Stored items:
+++
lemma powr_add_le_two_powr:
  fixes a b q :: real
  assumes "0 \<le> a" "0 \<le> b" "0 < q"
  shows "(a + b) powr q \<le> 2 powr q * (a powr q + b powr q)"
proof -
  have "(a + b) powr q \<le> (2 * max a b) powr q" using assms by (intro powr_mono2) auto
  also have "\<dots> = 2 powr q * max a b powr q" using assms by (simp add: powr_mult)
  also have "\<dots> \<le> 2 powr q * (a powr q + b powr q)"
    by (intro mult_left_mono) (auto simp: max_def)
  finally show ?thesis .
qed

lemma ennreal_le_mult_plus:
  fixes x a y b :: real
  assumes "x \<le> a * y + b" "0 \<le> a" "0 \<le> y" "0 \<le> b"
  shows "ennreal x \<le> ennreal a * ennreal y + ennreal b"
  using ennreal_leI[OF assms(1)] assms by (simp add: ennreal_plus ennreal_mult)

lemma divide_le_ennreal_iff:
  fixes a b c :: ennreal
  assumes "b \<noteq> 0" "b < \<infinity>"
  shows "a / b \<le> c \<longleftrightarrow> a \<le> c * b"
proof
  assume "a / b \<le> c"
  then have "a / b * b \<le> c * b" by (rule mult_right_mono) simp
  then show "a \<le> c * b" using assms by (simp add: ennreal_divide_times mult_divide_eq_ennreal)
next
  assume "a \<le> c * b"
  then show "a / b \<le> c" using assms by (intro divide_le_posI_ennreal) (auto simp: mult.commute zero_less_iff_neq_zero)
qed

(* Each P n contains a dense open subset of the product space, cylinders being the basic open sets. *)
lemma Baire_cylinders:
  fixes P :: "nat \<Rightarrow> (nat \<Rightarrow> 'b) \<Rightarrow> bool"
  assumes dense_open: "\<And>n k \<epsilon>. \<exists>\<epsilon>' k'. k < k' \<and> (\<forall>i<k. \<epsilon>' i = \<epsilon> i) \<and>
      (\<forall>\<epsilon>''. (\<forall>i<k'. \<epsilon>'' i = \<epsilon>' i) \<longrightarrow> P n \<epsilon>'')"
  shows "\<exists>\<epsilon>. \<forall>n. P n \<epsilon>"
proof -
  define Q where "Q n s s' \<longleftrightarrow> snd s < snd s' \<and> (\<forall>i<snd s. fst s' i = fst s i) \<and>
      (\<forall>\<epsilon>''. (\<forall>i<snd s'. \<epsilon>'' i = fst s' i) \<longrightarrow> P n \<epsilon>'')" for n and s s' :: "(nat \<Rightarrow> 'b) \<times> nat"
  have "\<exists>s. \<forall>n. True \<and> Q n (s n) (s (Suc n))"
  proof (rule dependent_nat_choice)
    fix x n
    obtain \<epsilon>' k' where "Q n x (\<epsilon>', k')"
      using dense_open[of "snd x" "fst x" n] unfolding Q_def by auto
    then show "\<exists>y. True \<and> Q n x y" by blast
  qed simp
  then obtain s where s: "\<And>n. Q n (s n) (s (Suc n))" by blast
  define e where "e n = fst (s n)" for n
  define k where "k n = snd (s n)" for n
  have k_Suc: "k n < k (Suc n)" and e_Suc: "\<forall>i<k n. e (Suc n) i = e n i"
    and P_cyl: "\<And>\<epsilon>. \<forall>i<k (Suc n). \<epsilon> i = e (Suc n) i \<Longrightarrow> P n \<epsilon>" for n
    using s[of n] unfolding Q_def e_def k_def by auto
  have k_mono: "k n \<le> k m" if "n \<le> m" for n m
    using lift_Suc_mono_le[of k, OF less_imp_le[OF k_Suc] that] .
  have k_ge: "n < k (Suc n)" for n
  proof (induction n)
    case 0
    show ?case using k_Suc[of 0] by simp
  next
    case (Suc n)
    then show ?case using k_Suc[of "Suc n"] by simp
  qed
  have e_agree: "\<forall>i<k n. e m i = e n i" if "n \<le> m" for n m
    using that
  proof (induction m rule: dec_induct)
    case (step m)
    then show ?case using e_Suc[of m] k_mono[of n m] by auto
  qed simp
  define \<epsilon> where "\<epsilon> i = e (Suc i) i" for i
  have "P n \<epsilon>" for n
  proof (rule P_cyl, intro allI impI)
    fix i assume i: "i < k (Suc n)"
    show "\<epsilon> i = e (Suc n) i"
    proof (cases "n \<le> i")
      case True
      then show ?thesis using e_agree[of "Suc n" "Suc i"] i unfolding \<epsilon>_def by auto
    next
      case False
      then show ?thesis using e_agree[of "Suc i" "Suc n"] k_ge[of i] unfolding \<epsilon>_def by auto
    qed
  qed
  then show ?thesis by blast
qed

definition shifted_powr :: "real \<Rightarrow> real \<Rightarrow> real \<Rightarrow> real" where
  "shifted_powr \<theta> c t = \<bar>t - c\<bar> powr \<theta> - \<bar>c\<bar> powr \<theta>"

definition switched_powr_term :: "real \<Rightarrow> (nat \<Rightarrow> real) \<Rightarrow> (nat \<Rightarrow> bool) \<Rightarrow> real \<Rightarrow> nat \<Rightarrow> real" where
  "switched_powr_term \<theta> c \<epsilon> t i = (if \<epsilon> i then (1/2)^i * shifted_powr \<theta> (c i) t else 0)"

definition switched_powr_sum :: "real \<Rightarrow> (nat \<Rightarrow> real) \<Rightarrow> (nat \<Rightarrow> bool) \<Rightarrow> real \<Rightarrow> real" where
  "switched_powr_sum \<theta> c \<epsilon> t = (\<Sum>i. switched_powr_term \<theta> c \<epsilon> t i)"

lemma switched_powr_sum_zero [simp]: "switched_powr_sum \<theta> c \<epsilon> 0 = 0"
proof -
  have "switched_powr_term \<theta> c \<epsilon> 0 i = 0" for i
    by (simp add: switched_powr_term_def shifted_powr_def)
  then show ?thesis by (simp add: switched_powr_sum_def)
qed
+++
The word "then" appears in some lines of the records. Please work out how many and reply with that number only.

▶ **SOLUTION**
12